Boxing - still a classic
By Rob Scott (Aug 19, 2007) Doghouse Boxing
In the recent hip hop tune titled ‘Classic – I’m better than I’ve ever been’, legendary emcee Rakim said, “Classic – it’s when age don’t count in the booth – it’s when your flow stay submerged in the fountain of youth”. When it comes to boxing, there are many who seek out kudos for something they might do as opposed to something that they have done. They seek out kudos for victories that many would love to forget, while there are others who put on shows that will stay in boxing’s fountain of youth, because we just can’t forget. The rivalry between Israel Vazquez and Rafael Marquez is indeed one of those that
will go down as an instant Classic; moreover, it is just one of the match-ups that prove the sport of boxing has a whole lot of life left.

I’ve often said that boxing is like old money, it carries down from generation to generation. The history of the sport has so many stories to tell. The sport has so many scenes to see. The problem is the new stories haven’t been told. In today’s climate, the stories of retreads are the ones that are spoken from the sport’s mouth, and frankly, the masses have seemingly developed a deafness of sorts. It is the retreaded talk that has hampered the new blood, and it’s the new bloods that are finding their tales falling on its share of hearing impaired ears. It’s this ignorance that has made the new age of fighters have to fight in what seems like two bouts instead of one.

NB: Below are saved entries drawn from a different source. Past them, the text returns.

(* Let $\mathcal{F}$ be a Fraïssé class with hereditary canonical disjoint amalgamation, let $X$ be its Fraïssé limit, let $\Gamma$ be the automorphism group of $X$ acting by application, and let $I$ be the ideal of finite subsets of $X$. Then $\Gamma\curvearrowright X, I$ is a simple dynamical ideal.
   Context: For a group $\Gamma$ acting on $X$ and $a\subseteq X$, $\mathrm{pstab}(a)=\{\gamma\in\Gamma:\gamma\cdot x=x\ \forall x\in a\}$. A dynamical ideal $\Gamma\curvearrowright X, I$ (a $\Gamma$-invariant ideal containing all singletons) is simple if for all $a\subseteq b$ in $I$, the only normal subgroup of $\mathrm{pstab}(a)$ containing $\mathrm{pstab}(b)$ is $\mathrm{pstab}(a)$ itself. For structures, the algebraic closure of a set is its closure under all functions of the structure. Two $\mathcal{F}$-structures $A,B$ are in amalgamation position if they induce the same substructure on $\mathrm{dom}(A)\cap\mathrm{dom}(B)$; a disjoint amalgamation of them is a structure in $\mathcal{F}$ with domain containing $\mathrm{dom}(A)\cup\mathrm{dom}(B)$ inducing $A$ and $B$ on their domains, and it is minimal if it is generated (is the algebraic closure of) $\mathrm{dom}(A)\cup\mathrm{dom}(B)$. $\mathcal F$ (a Fraïssé class with disjoint amalgamation) has hereditary canonical amalgamation if there is a function $C$ assigning to each pair $\langle A,B\rangle$ of $\mathcal{F}$-structures in amalgamation position a minimal disjoint amalgamation $C(A,B)$ such that: (1) (invariance) if $\phi:A\to A'$, $\psi:B\to B'$ are isomorphisms agreeing on $\mathrm{dom}(A)\cap\mathrm{dom}(B)$ (with $A',B'$ in amalgamation position), then there is an isomorphism of $C(A,B)$ onto $C(A',B')$ extending $\phi\cup\psi$; (2) (heredity in the left variable) if $A'$ is an induced substructure of $A$ with $\mathrm{dom}(A)\cap\mathrm{dom}(B)\subseteq\mathrm{dom}(A')$, then $C(A',B)$ is isomorphic to the substructure of $C(A,B)$ on the algebraic closure of $\mathrm{dom}(A')\cup\mathrm{dom}(B)$ via an isomorphism that is the identity on $\mathrm{dom}(A')\cup\mathrm{dom}(B)$. *)

theory Defs
  imports "HOL-Algebra.Coset" "HOL-Library.Countable_Set"
begin

text \<open>A signature is given by arity functions rar (relation symbols 'r) and
far (function symbols 'f). A structure has a domain, relation and function
interpretations; only the values on tuples from the domain matter.\<close>

record ('a, 'r, 'f) struc =
  sdom :: "'a set"
  srel :: "'r \<Rightarrow> 'a list \<Rightarrow> bool"
  sfun :: "'f \<Rightarrow> 'a list \<Rightarrow> 'a"

definition tuples :: "('s \<Rightarrow> nat) \<Rightarrow> 's \<Rightarrow> 'a set \<Rightarrow> 'a list set" where
  "tuples ar s S = {xs. length xs = ar s \<and> set xs \<subseteq> S}"

definition closed_under :: "('f \<Rightarrow> nat) \<Rightarrow> ('a,'r,'f) struc \<Rightarrow> 'a set \<Rightarrow> bool" where
  "closed_under far M S \<longleftrightarrow> (\<forall>f. \<forall>xs \<in> tuples far f S. sfun M f xs \<in> S)"

definition is_struct :: "('f \<Rightarrow> nat) \<Rightarrow> ('a,'r,'f) struc \<Rightarrow> bool" where
  "is_struct far M \<longleftrightarrow> closed_under far M (sdom M)"

inductive_set acl :: "('f \<Rightarrow> nat) \<Rightarrow> ('a,'r,'f) struc \<Rightarrow> 'a set \<Rightarrow> 'a set"
  for far M S where
  base: "x \<in> S \<Longrightarrow> x \<in> acl far M S"
| step: "length xs = far f \<Longrightarrow> \<forall>y\<in>set xs. y \<in> acl far M S \<Longrightarrow> sfun M f xs \<in> acl far M S"

definition restr :: "('a,'r,'f) struc \<Rightarrow> 'a set \<Rightarrow> ('a,'r,'f) struc" where
  "restr M T = M\<lparr>sdom := T\<rparr>"

definition embedding :: "('r \<Rightarrow> nat) \<Rightarrow> ('f \<Rightarrow> nat) \<Rightarrow> ('a \<Rightarrow> 'b)
    \<Rightarrow> ('a,'r,'f) struc \<Rightarrow> ('b,'r,'f) struc \<Rightarrow> bool" where
  "embedding rar far e A B \<longleftrightarrow>
     inj_on e (sdom A) \<and> e ` sdom A \<subseteq> sdom B \<and>
     (\<forall>r. \<forall>xs \<in> tuples rar r (sdom A). srel B r (map e xs) = srel A r xs) \<and>
     (\<forall>f. \<forall>xs \<in> tuples far f (sdom A). sfun B f (map e xs) = e (sfun A f xs))"
(* Let $d\ge2$, let $a$ be an i.i.d. conductivity function on $\mathbb{Z}^d$, $\xi\in\mathbb{R}^d$ with $|\xi|=1$, and let $\phi_T$ be the associated approximate corrector, $T>0$. Then for all $n\in2\mathbb{N}$, \[ \big\langle|\phi_T(0)|^n\big(|\nabla\phi_T(0)|^2+|\nabla^*\phi_T(0)|^2\big)\big\rangle\lesssim\langle|\phi_T(0)|^n\rangle, \] where the multiplicative constant depends on $n$, $\alpha$, $\beta$, $d$, but not on $T>0$.
   Context: A conductivity function on $\mathbb{Z}^d$ is $a:\mathbb{Z}^d\times\mathbb{Z}^d\to\mathbb{R}^+$ with $a(x,y)=0$ if $|x-y|\ne1$ and $a(x,y)=a(y,x)\in[\alpha,\beta]$ if $|x-y|=1$, $0<\alpha\le\beta$; i.i.d. means its edge values are independent identically distributed random variables; $\langle\cdot\rangle$ is expectation. With $e_1,\dots,e_d$ the canonical basis: $\nabla u(x)=(u(x+e_i)-u(x))_i$, $\nabla^*u(x)=(u(x)-u(x-e_i))_i$, $\nabla^*\cdot g=\sum_i\nabla_i^*g_i$, $A(x)=\operatorname{diag}(a(x,x+e_1),\dots,a(x,x+e_d))$. The approximate corrector $\phi_T$ is the unique stationary random function with $T^{-1}\phi_T-\nabla^*\cdot A(\nabla\phi_T+\xi)=0$ in $\mathbb{Z}^d$ and $\langle\phi_T\rangle=0$. $X\lesssim Y$ means $X\le CY$ with a constant $C$. *)

theory Defs
  imports "HOL-Probability.Probability"
begin

text \<open>Lattice Z^d is represented as int^'d (dimension d = CARD('d)).
  An edge {x, x+e_i} is represented by the pair (x, i).
  An environment (sample point) is a function from edges to conductivity values;
  a(x, x+e_i) = omega (x, i).\<close>

definition unit_vec :: "'d::finite \<Rightarrow> int^'d" where
  "unit_vec i = (\<chi> j. if j = i then 1 else 0)"

definition grad :: "(int^'d::finite \<Rightarrow> real) \<Rightarrow> int^'d \<Rightarrow> real^'d" where
  "grad u x = (\<chi> i. u (x + unit_vec i) - u x)"

definition grad_star :: "(int^'d::finite \<Rightarrow> real) \<Rightarrow> int^'d \<Rightarrow> real^'d" where
  "grad_star u x = (\<chi> i. u x - u (x - unit_vec i))"

definition div_star :: "(int^'d::finite \<Rightarrow> real^'d) \<Rightarrow> int^'d \<Rightarrow> real" where
  "div_star g x = (\<Sum>i\<in>UNIV. g x $ i - g (x - unit_vec i) $ i)"

text \<open>A(x) = diag(a(x,x+e_1),...,a(x,x+e_d)), applied to the vector v.\<close>
definition cond_apply :: "(((int^'d::finite) \<times> 'd) \<Rightarrow> real) \<Rightarrow> int^'d \<Rightarrow> real^'d \<Rightarrow> real^'d" where
  "cond_apply \<omega> x v = (\<chi> i. \<omega> (x, i) * v $ i)"

definition conductivity_law :: "real \<Rightarrow> real \<Rightarrow> real measure \<Rightarrow> bool" where
  "conductivity_law \<alpha> \<beta> \<mu> \<longleftrightarrow>
     prob_space \<mu> \<and> sets \<mu> = sets borel \<and> (AE t in \<mu>. \<alpha> \<le> t \<and> t \<le> \<beta>)"

text \<open>Canonical probability space of an i.i.d. conductivity function:
  infinite product of the single-edge law over all edges.\<close>
definition env_measure :: "real measure \<Rightarrow> (((int^'d::finite) \<times> 'd) \<Rightarrow> real) measure" where
  "env_measure \<mu> = PiM UNIV (\<lambda>_. \<mu>)"

definition shift :: "int^'d::finite \<Rightarrow> (((int^'d) \<times> 'd) \<Rightarrow> real) \<Rightarrow> (((int^'d) \<times> 'd) \<Rightarrow> real)" where
  "shift z \<omega> = (\<lambda>(x, i). \<omega> (x + z, i))"

text \<open>Such a function exists and is unique (up to null sets).\<close>
definition approx_corrector ::
  "real measure \<Rightarrow> real^'d::finite \<Rightarrow> real \<Rightarrow> ((((int^'d) \<times> 'd) \<Rightarrow> real) \<Rightarrow> int^'d \<Rightarrow> real) \<Rightarrow> bool" where
  "approx_corrector \<mu> \<xi> T \<phi> \<longleftrightarrow>
     (\<forall>x. (\<lambda>\<omega>. \<phi> \<omega> x) \<in> borel_measurable (env_measure \<mu>)) \<and>
     (\<forall>\<omega> x. \<phi> \<omega> x = \<phi> (shift x \<omega>) 0) \<and>
     (\<exists>K. \<forall>\<omega> x. \<bar>\<phi> \<omega> x\<bar> \<le> K) \<and>
     (AE \<omega> in env_measure \<mu>. \<forall>x.
        \<phi> \<omega> x / T - div_star (\<lambda>y. cond_apply \<omega> y (grad (\<phi> \<omega>) y + \<xi>)) x = 0) \<and>
     (\<integral>\<omega>. \<phi> \<omega> 0 \<partial>env_measure \<mu>) = 0"
lemma hyers_limit_quadratic:
  assumes defect: "\<And>x y. nrm (\<phi> (x + y) + \<phi> (x - y) - smul 2 (\<phi> x) - smul 2 (\<phi> y)) \<le> K"
  shows "quadratic_map smul (hyers_limit \<phi>)"
  unfolding quadratic_map_def
proof (intro allI)
  fix x y
  let ?a = "hyers_seq \<phi>" and ?h = "hyers_limit \<phi>"
  let ?err = "\<lambda>z n. nrm (?a n z - ?h z)"
  define t where "t n = K / q ^ n + ?err (x + y) n + ?err (x - y) n
      + 2 powr \<beta> * ?err x n + 2 powr \<beta> * ?err y n" for n
  have "nrm (?h (x + y) + ?h (x - y) - smul 2 (?h x) - smul 2 (?h y)) \<le> t n" for n
  proof -
    have triangle5: "nrm (u1 + u2 + u3 + u4 + u5) \<le> nrm u1 + nrm u2 + nrm u3 + nrm u4 + nrm u5"
      for u1 u2 u3 u4 u5
      using nrm_triangle[of "u1 + u2 + u3 + u4" u5] nrm_triangle[of "u1 + u2 + u3" u4]
        nrm_triangle[of "u1 + u2" u3] nrm_triangle[of u1 u2] by linarith
    let ?A = "?a n (x + y) + ?a n (x - y) - smul 2 (?a n x) - smul 2 (?a n y)"
    have "?A = smul (1 / 4 ^ n) (\<phi> ((2 ^ n) *\<^sub>R x + (2 ^ n) *\<^sub>R y) + \<phi> ((2 ^ n) *\<^sub>R x - (2 ^ n) *\<^sub>R y)
        - smul 2 (\<phi> ((2 ^ n) *\<^sub>R x)) - smul 2 (\<phi> ((2 ^ n) *\<^sub>R y)))"
      unfolding hyers_seq_def
      by (simp only: scaleR_add_right scaleR_diff_right smul_two M.scale_right_diff_distrib
          M.scale_right_distrib)
    then have A: "nrm ?A \<le> K / q ^ n"
      using defect q_gt_1 by (simp add: nrm_smul_inverse_pow4 divide_right_mono)
    let ?d1 = "?h (x + y) - ?a n (x + y)" and ?d2 = "?h (x - y) - ?a n (x - y)"
      and ?d3 = "smul 2 (?a n x - ?h x)" and ?d4 = "smul 2 (?a n y - ?h y)"
    have split: "?h (x + y) + ?h (x - y) - smul 2 (?h x) - smul 2 (?h y) = ?A + ?d1 + ?d2 + ?d3 + ?d4"
      by (simp add: M.scale_right_diff_distrib algebra_simps)
    have "nrm (?h (x + y) + ?h (x - y) - smul 2 (?h x) - smul 2 (?h y))
        \<le> nrm ?A + nrm ?d1 + nrm ?d2 + nrm ?d3 + nrm ?d4"
      unfolding split by (rule triangle5)
    also have "\<dots> \<le> t n"
      using A nrm_minus_commute[of "?h (x + y)"] nrm_minus_commute[of "?h (x - y)"]
      unfolding t_def nrm_smul by simp
    finally show ?thesis .
  qed
  moreover have "t \<longlonglongrightarrow> 0"
    unfolding t_def
    by (intro tendsto_add_zero tendsto_mult_right_zero divide_q_pow_tendsto_0 hyers_limit_tendsto)
  ultimately have "?h (x + y) + ?h (x - y) - smul 2 (?h x) - smul 2 (?h y) = 0"
    by (rule eq_zero_if_nrm_le_null_seq)
  then show "?h (x + y) + ?h (x - y) = smul 2 (?h x) + smul 2 (?h y)"
    by (simp add: diff_diff_eq)
qed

The fact is, skills, wills and drama are all the ingredients of a classic fight. Take wills, skills, drama and a dash of controversy, then you have all of the ingredients of a dish that fight fans will definitely hold their plates out to request another helping. Just like Ali vs. Frazier, Gatti vs. Ward, Zale vs. Graziano, Morales vs. Barrera, etc., Vazquez vs. Marquez have added their names to that list of rivalries that, if those who have chosen to abandon the sport takes the time to witness, will surely be captured like they were in yesteryear.

Exciting bouts like Miguel Cotto vs. Zab Judah, Vic Darchinyan vs. Nonito Donaire and the aforementioned Vazquez vs. Marquez wars, proves that the fight game is live and punching. Add future bouts like Cotto vs. Shane Mosley, Floyd Mayweather Jr. vs. Ricky Hatton, Jermain Taylor vs. Kelly Pavlik and the much American slept on bout between European world champions, Joe Calzaghe vs. Mikkel Kessler, and there is excitement galore.  

I’ve worked hands-on within the sports of boxing and MMA, and both definitely have their place in the sports realm. And maybe I’m in the minority, but I look at both boxing and MMA like I look at baseball, football and basketball; those sport are played with balls, but are very different sports. Boxing and MMA may have their similarities, but both are very different sports as well. I think the contrasts are just as many as the comparisons.

Bouts like Liddell vs. Jackson, Shamrock vs. Ortiz, Ortiz vs. Liddell, Shamrock vs. Gracie, etc. are all bouts that have made names for these combatants. These and others from the MMA world deserve the credit that they receive, but to not put classics like the aforementioned boxing bouts on that deserving pedestal, then it makes me wonder who are the ones getting hit, the fighters or the fans, because some of those fans seem to suffer from cases of dementia.

Staying on the hip hop tip, I must quote another legendary emcee…this time it’s from KRS-ONE. The Bronx rapper said in his 1997 hit, Step into a world, “I’m not saying I’m #1…Um, I’m sorry I lied…I’m # one, two, three, four and five”. For those who think that the boxing game has fell off, open your eyes and you’ll clearly see there is no need to lie, it is still the best sport out there.